Fig. 1 Variability in the clinical features of Alagille syndrome (ALGS). (A) Hematoxylin & eosin staining of a liver biopsy from a 7-week-old infant with ALGS shows a portal tract with a branch of the portal vein and hepatic artery but no bile duct, indicative of bile duct paucity. (B) Liver biopsy from an infant (< 6 months of age) with ALGS shows presence of bile ducts. (C) Facial features in children with ALGS include a triangular face, deeply set eyes, and straight nose with a bulbous nasal tip. (D) ALGS facies evolve from childhood to adulthood with characteristic facial features in adults being a square jaw and prominent chin. Facies pictures used from Kamath et al,[59] with permission.
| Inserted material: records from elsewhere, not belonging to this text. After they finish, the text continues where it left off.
lemma resolvent_integrand_unitary_diag:
  assumes U: "unitary U" and a: "\<And>i. a i > 0"
  shows "resolvent_integrand r (U ** real_diag a ** adjoint U) v l
    = (\<Sum>i\<in>UNIV. (cmod ((adjoint U *v v) $ i))\<^sup>2 * powr_kernel r (a i) l)"
proof (cases "0 < l")
  case True
  define w where "w i = (cmod ((adjoint U *v v) $ i))\<^sup>2" for i
  have al: "a i + l \<noteq> 0" for i using a[of i] True by simp
  have "matrix_inv (U ** real_diag a ** adjoint U + mat (complex_of_real l))
      = U ** real_diag (\<lambda>i. 1 / (a i + l)) ** adjoint U"
    using unitary_diag_inverse[OF U al] by (simp add: unitary_diag_add_mat[OF U])
  then have "resolvent_integrand r (U ** real_diag a ** adjoint U) v l
      = l powr (r - 1) * ((\<Sum>i\<in>UNIV. w i) - l * (\<Sum>i\<in>UNIV. 1 / (a i + l) * w i))"
    using True sum_cmod_adjoint_unitary[OF U, of v]
    by (simp add: resolvent_integrand_def quad_form_unitary_diag w_def)
  also have "\<dots> = (\<Sum>i\<in>UNIV. w i * powr_kernel r (a i) l)"
  proof -
    have "w i * powr_kernel r (a i) l = l powr (r - 1) * (w i - l * (1 / (a i + l) * w i))" for i
    proof -
      have "w i * powr_kernel r (a i) l = l powr (r - 1) * (w i * (a i / (a i + l)))"
        using True by (simp add: powr_kernel_def)
      also have "w i * (a i / (a i + l)) = w i - l * (1 / (a i + l) * w i)"
        using al[of i] by (simp add: field_simps)
      finally show ?thesis .
    qed
    then show ?thesis by (simp only: sum_distrib_left[symmetric] sum_subtractf)
  qed
  finally show ?thesis by (simp add: w_def)
qed (simp add: resolvent_integrand_def powr_kernel_def)

lemma mat_powr_resolvent_integral:
  assumes "pos_def A"
  shows "ennreal (Re (quad_form (mat_powr A r) v)) * (\<integral>\<^sup>+l. powr_kernel r 1 l \<partial>lborel)
    = (\<integral>\<^sup>+l. resolvent_integrand r A v l \<partial>lborel)"
proof -
  obtain U a where U: "unitary U" and A: "A = U ** real_diag a ** adjoint U" and a: "\<And>i. a i > 0"
    using pos_def_unitary_diagonalization[OF assms] by blast
  define w where "w i = (cmod ((adjoint U *v v) $ i))\<^sup>2" for i
  have w: "w i \<ge> 0" for i by (simp add: w_def)
  have "Re (quad_form (mat_powr A r) v) = (\<Sum>i\<in>UNIV. w i * a i powr r)"
    by (simp add: mat_powr_unitary_diag[OF U A] quad_form_unitary_diag w_def mult.commute)
  then have "ennreal (Re (quad_form (mat_powr A r) v)) * (\<integral>\<^sup>+l. powr_kernel r 1 l \<partial>lborel)
      = (\<Sum>i\<in>UNIV. ennreal (w i) * (ennreal (a i powr r) * (\<integral>\<^sup>+l. powr_kernel r 1 l \<partial>lborel)))"
    by (simp add: sum_ennreal[symmetric] w sum_distrib_right ennreal_mult mult.assoc)
  also have "\<dots> = (\<Sum>i\<in>UNIV. (\<integral>\<^sup>+l. ennreal (w i) * powr_kernel r (a i) l \<partial>lborel))"
    by (simp add: nn_integral_powr_kernel_scale[OF a] nn_integral_cmult borel_measurable_powr_kernel)
  also have "\<dots> = (\<integral>\<^sup>+l. (\<Sum>i\<in>UNIV. ennreal (w i) * powr_kernel r (a i) l) \<partial>lborel)"
    by (rule nn_integral_sum[symmetric]) (use borel_measurable_powr_kernel in simp)
  also have "\<dots> = (\<integral>\<^sup>+l. resolvent_integrand r A v l \<partial>lborel)"
    by (intro nn_integral_cong) (simp add: A resolvent_integrand_unitary_diag[OF U a] w_def[symmetric]
        ennreal_mult w powr_kernel_nonneg less_imp_le[OF a] sum_ennreal[symmetric])
  finally show ?thesis .
qed

lemma resolvent_integrand_mono:
  assumes A: "pos_def A" and B: "pos_def B" and le: "loewner_le A B"
  shows "resolvent_integrand r A v l \<le> resolvent_integrand r B v l"
proof (cases "0 < l")
  case True
  have "loewner_le (A + mat (complex_of_real l)) (B + mat (complex_of_real l))"
    using le by (simp add: loewner_le_iff quad_form_add hermitian_add hermitian_mat)
  from matrix_inv_antimono[OF pos_def_add_mat[OF A] pos_def_add_mat[OF B] this]
  have "Re (quad_form (matrix_inv (B + mat (complex_of_real l))) v)
      \<le> Re (quad_form (matrix_inv (A + mat (complex_of_real l))) v)"
    using True by (simp add: loewner_le_iff)
  then show ?thesis using True by (simp add: resolvent_integrand_def mult_left_mono)
qed (simp add: resolvent_integrand_def)
(* Let $X,Z\in\mathbb{R}^{n\times r}$ with $XX^{T}\ne ZZ^{T}$. Let $Z_{\perp}=(I-XX^{\dagger})Z$ and define $$\alpha=\frac{\|Z_{\perp}Z_{\perp}^{T}\|_{F}}{\|XX^{T}-ZZ^{T}\|_{F}},\qquad\beta=\frac{\sigma_{\min}^{2}(X)}{\|XX^{T}-ZZ^{T}\|_{F}}\cdot\frac{\mathrm{tr}(Z_{\perp}Z_{\perp}^{T})}{\|Z_{\perp}Z_{\perp}^{T}\|_{F}},$$ and $$\delta_{\mathrm{lb}}(X,Z)=\gamma(\alpha,\beta):=\begin{cases}\sqrt{1-\alpha^{2}} & \text{if }\beta\ge\frac{\alpha}{1+\sqrt{1-\alpha^{2}}},\\ \frac{1-2\alpha\beta+\beta^{2}}{1-\beta^{2}} & \text{if }\beta<\frac{\alpha}{1+\sqrt{1-\alpha^{2}}}.\end{cases}$$ Then $\delta(X,Z)\ge\delta_{\mathrm{lb}}(X,Z)$.
   Context: $A^{\dagger}$ denotes the Moore–Penrose pseudoinverse, $\sigma_{\min}(X)$ the smallest (i.e. $r$-th) singular value of $X\in\mathbb{R}^{n\times r}$. When $Z_{\perp}=0$ (so $\alpha=0$ and $\gamma=1$ regardless), $\beta$ may be taken as $\sigma_{\min}^{2}(X)/\|XX^{T}-ZZ^{T}\|_{F}$. A linear map $\mathcal{A}:\mathbb{R}^{n\times n}\to\mathbb{R}^{m}$ satisfies $(\delta,p)$-RIP if $0\le\delta<1$ and there is $\nu>0$ with $(1-\delta)\|E\|_{F}^{2}\le\frac{1}{\nu}\|\mathcal{A}(E)\|^{2}\le(1+\delta)\|E\|_{F}^{2}$ for all $E\in\mathbb{R}^{n\times n}$ of rank at most $p$. With $r^{\star}=\mathrm{rank}(Z)$, $\delta(X,Z)$ is the infimum of all $\delta$ for which there exist $m\ge1$ and a linear $\mathcal{A}:\mathbb{R}^{n\times n}\to\mathbb{R}^{m}$ satisfying $(\delta,r+r^{\star})$-RIP such that $f_{\mathcal{A}}(U)=\|\mathcal{A}(UU^{T}-ZZ^{T})\|^{2}$ (on $\mathbb{R}^{n\times r}$) satisfies $\nabla f_{\mathcal{A}}(X)=0$ and $\nabla^{2}f_{\mathcal{A}}(X)\succeq0$. *)

theory Defs
  imports "HOL-Analysis.Analysis"
begin

text \<open>Matrices in R^(n x r) are rendered as real^'r^'n (rows indexed by 'n).
  The norm on real^'c^'b is the Frobenius norm, and the inner product is the
  Frobenius (trace) inner product.\<close>

definition pinv :: "real^'c^'b \<Rightarrow> real^'b^'c" where
  "pinv A = (THE B. A ** B ** A = A \<and> B ** A ** B = B \<and>
       transpose (A ** B) = A ** B \<and> transpose (B ** A) = B ** A)"

definition sigma_min :: "real^'r^'n \<Rightarrow> real" where
  "sigma_min X = sqrt (Min {l. \<exists>v. v \<noteq> 0 \<and> (transpose X ** X) *v v = l *\<^sub>R v})"

text \<open>A linear map A : R^(n x n) -> R^m is represented by a function whose
  components i < m are linear; components i >= m are irrelevant.\<close>
definition is_linmap :: "nat \<Rightarrow> (real^'n^'n \<Rightarrow> nat \<Rightarrow> real) \<Rightarrow> bool" where
  "is_linmap m A = (\<forall>i<m. linear (\<lambda>E. A E i))"

definition sqn :: "nat \<Rightarrow> (real^'n^'n \<Rightarrow> nat \<Rightarrow> real) \<Rightarrow> real^'n^'n \<Rightarrow> real" where
  "sqn m A E = (\<Sum>i<m. (A E i)\<^sup>2)"

definition RIP :: "real \<Rightarrow> nat \<Rightarrow> nat \<Rightarrow> (real^'n^'n \<Rightarrow> nat \<Rightarrow> real) \<Rightarrow> bool" where
  "RIP d p m A = (0 \<le> d \<and> d < 1 \<and> (\<exists>\<nu>>0. \<forall>E::real^'n^'n. rank E \<le> p \<longrightarrow>
      (1 - d) * (norm E)\<^sup>2 \<le> (1/\<nu>) * sqn m A E \<and> (1/\<nu>) * sqn m A E \<le> (1 + d) * (norm E)\<^sup>2))"

definition fA :: "nat \<Rightarrow> (real^'n^'n \<Rightarrow> nat \<Rightarrow> real) \<Rightarrow> real^'r^'n \<Rightarrow> real^'r^'n \<Rightarrow> real" where
  "fA m A Z U = sqn m A (U ** transpose U - Z ** transpose Z)"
Fig. 2 Schematic of putative Notch signaling therapeutics for Alagille syndrome (ALGS). Dysregulated Notch signaling is depicted at the top with a pathogenic JAG1 variant shown in red. Putative therapeutics include (a) increasing expression of the wild type JAG1 allele, (b) correcting the pathogenic variant in the mutant JAG1 allele, (c) augmenting expression of putative genetic modifiers (reducing THBS2 or increasing SOX9), and (d) altering NOTCH2 glycosylation.